Еще он любил своих четырех котов, из которых одного звали Бисмарком. И как-то этот самый Мейн, придя после дежурства в штурмовых отрядах домой, почувствовал, что от его котов, одного из которых звали Бисмарк (имя кота, заметим, повторяется всякий раз вместе с зачином «Давным-давно жил…» и т. д.), как-то плохо пахнет. Это показалось ему странным и несносным, да к тому же дома не сыскалось ни капли любимой можжевеловки. «Мейн, будучи музыкантом и членом кавалерийской духовой капеллы у штурмовиков, схватил кочергу… и до тех пор охаживал своих котов, пока не решил, что все четверо, включая кота по имени Бисмарк, уже испустили дух, подохли, хотя кошачий запах, надо сказать, не стал от этого менее пронзительным…» (перевод С. Фридлянд). Мейн сунул котов в мешок из-под картошки и попытался затолкать в мусорный ящик. Но когда он ушел со двора, мешок ожил и начал подавать признаки жизни.
Тут в действие вступает другой персонаж из того же дома: «Давным-давно жил да был часовщик по имени Лаубшад… Он был член национал-социалистической благотворительной организации, а также общества защиты животных… Итак, жил да был часовщик, который не мог спокойно видеть, как в мусорном ящике что-то шевелится. И тогда он покинул свою квартиру на втором этаже доходного дома и отправился во двор, поднял крышку мусорного ящика, и открыл мешок, и достал четырех избитых, но всё еще живых котов, чтобы их выходить». Выходить котов не удалось, и они сдохли. И тогда у часовщика «не осталось иного выхода», как известить руководство местной партгруппы об издевательстве над животными, «пагубном для партийной репутации».
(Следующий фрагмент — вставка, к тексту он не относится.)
lemma janson_step:
  assumes "finite V" "0 \<le> p" "p \<le> 1" "finite S" "A \<subseteq> V" "\<And>B. B \<in> S \<Longrightarrow> B \<subseteq> V"
  defines "D \<equiv> \<lambda>W. of_bool (\<forall>B\<in>S. \<not> B \<subseteq> W)"
  shows "(p ^ card A - (\<Sum>B\<in>{B\<in>S. A \<inter> B \<noteq> {}}. p ^ card (A \<union> B))) * subset_expectation p V D
           \<le> subset_expectation p V (\<lambda>W. of_bool (A \<subseteq> W) * D W)"
proof -
  let ?E = "subset_expectation p V"
  define S1 where "S1 = {B\<in>S. A \<inter> B \<noteq> {}}"
  define Dfar where "Dfar = (\<lambda>W. of_bool (\<forall>B\<in>S - S1. \<not> B \<subseteq> W) :: real)"
  define c where "c = p ^ card A - (\<Sum>B\<in>S1. p ^ card (A \<union> B))"
  have "finite S1" "S1 \<union> (S - S1) = S" using assms(4) unfolding S1_def by auto
  have pointwise: "of_bool (A \<subseteq> W) * Dfar W - (\<Sum>B\<in>S1. of_bool (A \<union> B \<subseteq> W) * Dfar W)
                     \<le> of_bool (A \<subseteq> W) * D W" for W
    using of_bool_avoid_union_bound[OF \<open>finite S1\<close>, of A W "S - S1"] \<open>S1 \<union> (S - S1) = S\<close>
    unfolding D_def Dfar_def of_bool_conj by simp
  have Dfar_ignores_A: "Dfar W = Dfar (W - A)" for W
    unfolding Dfar_def S1_def by (rule arg_cong[where f = of_bool]) blast
  have Dfar_antimono: "antimono_on (Pow V) Dfar"
    unfolding Dfar_def by (intro monotone_onI) (auto dest: subset_trans)
  have pair_bound: "?E (\<lambda>W. of_bool (A \<union> B \<subseteq> W) * Dfar W) \<le> p ^ card (A \<union> B) * ?E Dfar"
    if "B \<in> S1" for B
  proof -
    have "A \<union> B \<subseteq> V" using that assms unfolding S1_def by auto
    moreover have "mono_on (Pow V) (\<lambda>W. of_bool (A \<union> B \<subseteq> W) :: real)" by (intro mono_onI) auto
    ultimately show ?thesis
      using harris_inequality_antimono[OF assms(1-3) _ Dfar_antimono] subset_expectation_present[OF assms(1)]
      by metis
  qed
  have "(\<Sum>B\<in>S1. ?E (\<lambda>W. of_bool (A \<union> B \<subseteq> W) * Dfar W)) \<le> (\<Sum>B\<in>S1. p ^ card (A \<union> B) * ?E Dfar)"
    by (intro sum_mono pair_bound)
  moreover have "?E (\<lambda>W. of_bool (A \<subseteq> W) * Dfar W - (\<Sum>B\<in>S1. of_bool (A \<union> B \<subseteq> W) * Dfar W))
      \<le> ?E (\<lambda>W. of_bool (A \<subseteq> W) * D W)"
    using pointwise assms by (intro subset_expectation_mono) auto
  ultimately have lower: "c * ?E Dfar \<le> ?E (\<lambda>W. of_bool (A \<subseteq> W) * D W)"
    unfolding subset_expectation_diff subset_expectation_sum c_def left_diff_distrib sum_distrib_right
      subset_expectation_present_mult[of V A Dfar, OF assms(1,5) Dfar_ignores_A]
    by linarith
  have "?E D \<le> ?E Dfar" using assms by (intro subset_expectation_mono) (auto simp: D_def Dfar_def)
  moreover have "0 \<le> ?E D" "0 \<le> ?E (\<lambda>W. of_bool (A \<subseteq> W) * D W)"
    using assms by (auto intro!: subset_expectation_nonneg simp: D_def)
  ultimately show ?thesis
    using lower unfolding c_def[symmetric] S1_def[symmetric]
    by (smt (verit) mult_left_mono mult_nonpos_nonneg)
qed

theorem janson_inequality:
  assumes "finite V" "0 \<le> p" "p \<le> 1" "finite S" "\<And>A. A \<in> S \<Longrightarrow> A \<subseteq> V"
  shows "subset_expectation p V (\<lambda>W. of_bool (\<forall>A\<in>S. \<not> A \<subseteq> W))
           \<le> exp (- mu_p p S + Delta_ordered p S / 2)"
  using assms(4,5)
proof (induction S rule: finite_induct)
  case empty
  then show ?case using assms by (simp add: subset_expectation_const Delta_ordered_def mu_p_def)
next
  case (insert A S)
  let ?E = "subset_expectation p V"
  define D where "D = (\<lambda>W. of_bool (\<forall>B\<in>S. \<not> B \<subseteq> W) :: real)"
  define c where "c = p ^ card A - (\<Sum>B\<in>{B\<in>S. A \<inter> B \<noteq> {}}. p ^ card (A \<union> B))"
  have "?E (\<lambda>W. of_bool (\<forall>B\<in>insert A S. \<not> B \<subseteq> W)) = ?E D - ?E (\<lambda>W. of_bool (A \<subseteq> W) * D W)"
    unfolding subset_expectation_diff[symmetric] by (intro subset_expectation_cong) (auto simp: D_def)
  also have "\<dots> \<le> (1 - c) * ?E D"
    using janson_step[OF assms(1-3) insert.hyps(1)] insert.prems unfolding c_def D_def
    by (simp add: algebra_simps)
  also have "\<dots> \<le> exp (- c) * ?E D"
    using assms exp_ge_add_one_self[of "- c"]
    by (intro mult_right_mono subset_expectation_nonneg) (auto simp: D_def)
  also have "\<dots> \<le> exp (- c) * exp (- mu_p p S + Delta_ordered p S / 2)"
    using insert by (intro mult_left_mono) (auto simp: D_def)
  also have "\<dots> = exp (- mu_p p (insert A S) + Delta_ordered p (insert A S) / 2)"
    using insert.hyps
    by (simp add: Delta_ordered_insert mu_p_def c_def exp_add[symmetric] algebra_simps)
  finally show ?case .
qed

definition overlap_weight :: "real \<Rightarrow> 'a set set \<Rightarrow> 'a set \<Rightarrow> real" where
  "overlap_weight p G A = (\<Sum>B\<in>{B\<in>G. A \<inter> B \<noteq> {}}. p ^ card B)"

lemma card_le_matching_number:
  assumes "finite H" "M \<subseteq> H" "disjoint M"
  shows "card M \<le> matching_number H"
proof -
  have "{card M |M. M \<subseteq> H \<and> disjoint M} \<subseteq> card ` Pow H" by auto
  then have "finite {card M |M. M \<subseteq> H \<and> disjoint M}" using assms(1) finite_subset by blast
  then show ?thesis unfolding matching_number_def using assms by (intro Max_ge) auto
qed

lemma small_maximal_matching:
  assumes "finite H" "\<And>A. A \<in> H \<Longrightarrow> A \<noteq> {}" "G \<subseteq> H"
    and "real (matching_number (induced H W)) \<le> t"
  obtains M where "M \<subseteq> G" "disjoint M" "real (card M) \<le> t" "\<Union>M \<subseteq> W"
    "\<And>B. B \<in> G \<Longrightarrow> \<forall>A\<in>M. A \<inter> B = {} \<Longrightarrow> \<not> B \<subseteq> W"
proof -
  define P where "P = induced G W"
  have "finite G" using assms(1,3) by (rule finite_subset[rotated])
  then have "finite P" "P \<subseteq> induced H W"
    using assms(3) unfolding P_def induced_def by auto
  have "\<exists>M. (M \<subseteq> P \<and> disjoint M) \<and> (\<forall>M'. M' \<subseteq> P \<and> disjoint M' \<longrightarrow> card M' \<le> card M)"
  proof (rule ex_has_greatest_nat[where k = "{}" and b = "card P + 1"])
    show "\<forall>M. M \<subseteq> P \<and> disjoint M \<longrightarrow> card M < card P + 1"
      using \<open>finite P\<close> by (auto dest: card_mono)
  qed auto
  then obtain M where M: "M \<subseteq> P" "disjoint M"
    and maximal: "\<And>M'. M' \<subseteq> P \<Longrightarrow> disjoint M' \<Longrightarrow> card M' \<le> card M" by blast
  have "card M \<le> matching_number (induced H W)"
    using card_le_matching_number[OF _ _ M(2)] M(1) \<open>P \<subseteq> induced H W\<close> assms(1)
    unfolding induced_def by auto
  moreover have "\<not> B \<subseteq> W" if B: "B \<in> G" "\<forall>A\<in>M. A \<inter> B = {}" for B
  proof
    assume "B \<subseteq> W"
    then have "insert B M \<subseteq> P" "disjoint (insert B M)"
      using M B unfolding P_def induced_def disjoint_def pairwise_insert disjnt_def
      by (auto simp: Int_commute)
    moreover have "B \<notin> M" using B assms(2,3) by blast
    moreover have "finite M" using M(1) \<open>finite P\<close> finite_subset by blast
    ultimately show False using maximal[of "insert B M"] by simp
  qed
  moreover have "M \<subseteq> G" "\<Union>M \<subseteq> W" using M(1) unfolding P_def induced_def by auto
  ultimately show ?thesis using that M(2) assms(4) by simp
qed

lemma mu_p_le_disjoint_part:
  assumes "finite G" "M \<subseteq> G" "0 \<le> p"
  shows "mu_p p G \<le> mu_p p {B\<in>G. \<forall>A\<in>M. A \<inter> B = {}} + (\<Sum>A\<in>M. overlap_weight p G A)"
proof -
  define S where "S = {B\<in>G. \<forall>A\<in>M. A \<inter> B = {}}"
  have "finite M" using assms finite_subset by blast
  have "mu_p p G = mu_p p S + (\<Sum>B\<in>G - S. p ^ card B)"
    unfolding mu_p_def using assms by (subst sum.subset_diff[of S G]) (auto simp: S_def)
  also have "(\<Sum>B\<in>G - S. p ^ card B) \<le> (\<Sum>B\<in>G - S. \<Sum>A\<in>M. of_bool (A \<inter> B \<noteq> {}) * p ^ card B)"
  proof (intro sum_mono)
    fix B assume "B \<in> G - S"
    then obtain A where A: "A \<in> M" "A \<inter> B \<noteq> {}" unfolding S_def by blast
    then show "p ^ card B \<le> (\<Sum>A\<in>M. of_bool (A \<inter> B \<noteq> {}) * p ^ card B)"
      using member_le_sum[OF A(1), of "\<lambda>A. of_bool (A \<inter> B \<noteq> {}) * p ^ card B"] assms \<open>finite M\<close>
      by simp
  qed
  also have "\<dots> \<le> (\<Sum>B\<in>G. \<Sum>A\<in>M. of_bool (A \<inter> B \<noteq> {}) * p ^ card B)"
    using assms by (intro sum_mono2 sum_nonneg) auto
  also have "\<dots> = (\<Sum>A\<in>M. overlap_weight p G A)"
    unfolding overlap_weight_def using assms(1) by (subst sum.swap) (simp add: Collect_conj_eq Int_commute)
  finally show ?thesis unfolding S_def by simp
qed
Итак, «давным-давно жил да был один штурмовик, который убил четырех котов, но поскольку коты не совсем чтобы умерли, они его выдали, а один часовщик на него донес. Дело кончилось судебным разбирательством, и штурмовику пришлось платить штраф. А вдобавок было решено за недостойное поведение изгнать штурмовика Мейна из рядов СА». И хотя этот штурмовик «проявлял чудеса храбрости» в ту самую Хрустальную ночь, с 9 на 10 ноября 1938 года, и вместе с другими поджигал синагогу и не щадил сил своих в ту ночь, его изгнание из рядов СА всё же состоялось. Его вычеркнули из списков, и лишь через год ему удалось вступить в ополчение, перешедшее в дальнейшем под начало СС.
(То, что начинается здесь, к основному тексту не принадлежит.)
theorem proposition4p6:
  fixes X :: "'x set" and DX :: "'x diffeology"
    and V :: "'v set" and DV :: "'v diffeology"
    and p :: "'v \<Rightarrow> 'x"
    and add :: "'x \<Rightarrow> 'v \<Rightarrow> 'v \<Rightarrow> 'v" and smul :: "'x \<Rightarrow> real \<Rightarrow> 'v \<Rightarrow> 'v"
    and zero :: "'x \<Rightarrow> 'v"
  assumes "diffeology X DX" and "diffeology V DV"
    and "p ` V \<subseteq> X" and "smooth_map DV DX p"
    and "\<forall>x\<in>X. vector_space_on (fibre V p x) (add x) (smul x) (zero x)"
  shows "\<exists>D. diffeology V D \<and> diffeology_le DV D
           \<and> diffeological_vector_space X DX V D p add smul zero
           \<and> (\<forall>D'. diffeology V D' \<and> diffeology_le DV D'
                  \<and> diffeological_vector_space X DX V D' p add smul zero
                  \<longrightarrow> diffeology_le D D')"
proof -
  define \<D> where "\<D> = {D. diffeology V D \<and> diffeology_le DV D
                          \<and> diffeological_vector_space X DX V D p add smul zero}"
  have mem_\<D>: "D \<in> \<D> \<longleftrightarrow> diffeology V D \<and> diffeology_le DV D
                          \<and> diffeological_vector_space X DX V D p add smul zero" for D
    unfolding \<D>_def by simp
  have "pullback_diffeology V p DX \<in> \<D>"
    unfolding mem_\<D>
    using diffeology_pullback_diffeology[OF assms(1,3)] le_pullback_diffeology[OF assms(2,4)]
      diffeological_vector_space_pullback_diffeology[OF assms(1,3,5)] by simp
  then have "\<D> \<noteq> {}"
    by blast
  have "diffeology V (Inter_diffeology \<D>)"
    by (rule diffeology_Inter_diffeology[OF \<open>\<D> \<noteq> {}\<close>]) (simp add: mem_\<D>)
  moreover have "diffeology_le DV (Inter_diffeology \<D>)"
    by (rule le_Inter_diffeology) (simp add: mem_\<D>)
  moreover have "diffeological_vector_space X DX V (Inter_diffeology \<D>) p add smul zero"
    by (rule diffeological_vector_space_Inter_diffeology[OF \<open>\<D> \<noteq> {}\<close>]) (simp add: mem_\<D>)
  moreover have "diffeology_le (Inter_diffeology \<D>) D'" if "D' \<in> \<D>" for D'
    using that by (rule Inter_diffeology_le)
  ultimately show ?thesis
    unfolding mem_\<D> by blast
qed

end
В полном соответствии со стилистикой этой главы, одной из самых важных в романе, где за сказочными приемами обнажается почти публицистический накал повествования, автор возвращается еще раз к истории убитого торговца игрушками: «Давным-давно жил да был продавец игрушек, звали его Сигизмунд Маркус, и в числе прочего он торговал также барабанами, покрытыми белым и красным лаком. А Оскар, о котором шла речь, был основным потребителем жестяных барабанов, потому что он по роду занятий был барабанщик и без барабана не мог жить, не мог и не хотел». Вот он и помчался от горящей синагоги туда, где «обитал хранитель его барабанов, но хранителя он нашел в том состоянии, которое делало для него торговлю барабанами невозможной впредь и вообще на этом свете».
Вечно насмешливый, издевательский взгляд Оскара на мир здесь на короткое время уступает место взгляду сугубо трагическому. Оскар на миг перестает быть циником и становится потрясенным человеком, клоунада сменяется скорбью и печалью. «Давным-давно жил да был барабанщик по имени Оскар. Когда у него отняли продавца игрушек и разгромили игрушечную лавку, он почуял, что для барабанщиков ростом с гнома — а он был именно таков — настают тяжелые времена». Он попытался собрать уцелевшие барабаны и покинул лавку. В поисках отца он натолкнулся на группу женщин, раздающих религиозные брошюрки и демонстрирующих плакат с текстом из Первого послания к коринфянам — глава 13-я. «Вера — Надежда — Любовь», — прочитал Оскар и, как это ему свойственно, принялся играть словами. «Целый легковерный народ верил в Деда Мороза. Но Дед Мороз на поверку оказался газовщиком. Я верил, что пахнет орехами и миндалем, а на деле пахло газом…»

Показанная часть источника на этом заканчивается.